* DATA UNDER STUDY
-- Opening Marker --
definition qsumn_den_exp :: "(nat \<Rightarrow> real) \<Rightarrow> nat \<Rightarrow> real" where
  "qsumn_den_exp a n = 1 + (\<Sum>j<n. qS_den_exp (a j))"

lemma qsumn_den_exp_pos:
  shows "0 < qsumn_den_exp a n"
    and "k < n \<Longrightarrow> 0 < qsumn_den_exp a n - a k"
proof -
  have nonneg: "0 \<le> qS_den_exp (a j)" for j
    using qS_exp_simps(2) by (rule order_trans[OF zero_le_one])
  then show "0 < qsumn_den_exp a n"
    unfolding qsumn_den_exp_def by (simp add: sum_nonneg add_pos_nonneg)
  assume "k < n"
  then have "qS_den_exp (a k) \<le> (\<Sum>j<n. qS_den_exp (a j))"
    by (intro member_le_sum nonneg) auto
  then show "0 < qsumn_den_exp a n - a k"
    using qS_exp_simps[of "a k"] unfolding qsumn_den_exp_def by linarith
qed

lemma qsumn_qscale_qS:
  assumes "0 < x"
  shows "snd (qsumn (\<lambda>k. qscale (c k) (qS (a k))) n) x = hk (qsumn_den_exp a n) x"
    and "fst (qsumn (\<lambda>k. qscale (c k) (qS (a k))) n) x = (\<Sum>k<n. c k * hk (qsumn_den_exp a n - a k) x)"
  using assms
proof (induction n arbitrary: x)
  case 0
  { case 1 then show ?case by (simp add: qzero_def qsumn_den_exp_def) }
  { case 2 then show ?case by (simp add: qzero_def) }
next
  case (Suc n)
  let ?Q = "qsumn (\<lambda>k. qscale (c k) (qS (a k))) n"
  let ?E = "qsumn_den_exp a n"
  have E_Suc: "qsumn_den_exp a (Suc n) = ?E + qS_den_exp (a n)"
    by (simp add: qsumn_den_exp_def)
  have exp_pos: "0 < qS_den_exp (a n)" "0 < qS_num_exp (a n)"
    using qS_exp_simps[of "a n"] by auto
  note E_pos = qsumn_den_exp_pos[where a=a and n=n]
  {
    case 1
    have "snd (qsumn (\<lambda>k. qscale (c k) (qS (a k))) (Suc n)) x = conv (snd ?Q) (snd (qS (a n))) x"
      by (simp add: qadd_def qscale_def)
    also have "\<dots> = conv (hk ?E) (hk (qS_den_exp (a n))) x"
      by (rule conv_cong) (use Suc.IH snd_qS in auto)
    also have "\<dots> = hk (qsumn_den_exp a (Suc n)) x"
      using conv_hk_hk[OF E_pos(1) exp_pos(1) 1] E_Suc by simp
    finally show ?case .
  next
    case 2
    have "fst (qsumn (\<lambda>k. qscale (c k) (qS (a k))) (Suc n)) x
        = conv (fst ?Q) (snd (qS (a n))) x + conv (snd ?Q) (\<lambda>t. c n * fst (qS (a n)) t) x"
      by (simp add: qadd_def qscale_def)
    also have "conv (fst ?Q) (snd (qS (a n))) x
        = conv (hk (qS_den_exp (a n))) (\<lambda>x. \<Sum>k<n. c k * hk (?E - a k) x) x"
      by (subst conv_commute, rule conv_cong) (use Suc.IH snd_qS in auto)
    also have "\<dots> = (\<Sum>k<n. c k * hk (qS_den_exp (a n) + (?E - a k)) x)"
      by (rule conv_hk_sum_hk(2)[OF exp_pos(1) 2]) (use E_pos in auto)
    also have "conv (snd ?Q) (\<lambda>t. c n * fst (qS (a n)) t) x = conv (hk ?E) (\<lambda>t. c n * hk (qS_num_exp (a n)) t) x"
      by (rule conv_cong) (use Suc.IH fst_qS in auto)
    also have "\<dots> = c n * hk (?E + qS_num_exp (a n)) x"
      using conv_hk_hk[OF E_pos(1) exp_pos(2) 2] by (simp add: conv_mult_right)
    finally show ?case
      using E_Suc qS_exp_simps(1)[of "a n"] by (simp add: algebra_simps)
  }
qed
-- Closing Marker --
Could you tally the lines in these records that contain the word "case" and give only the result?

* ANSWER SPACE
8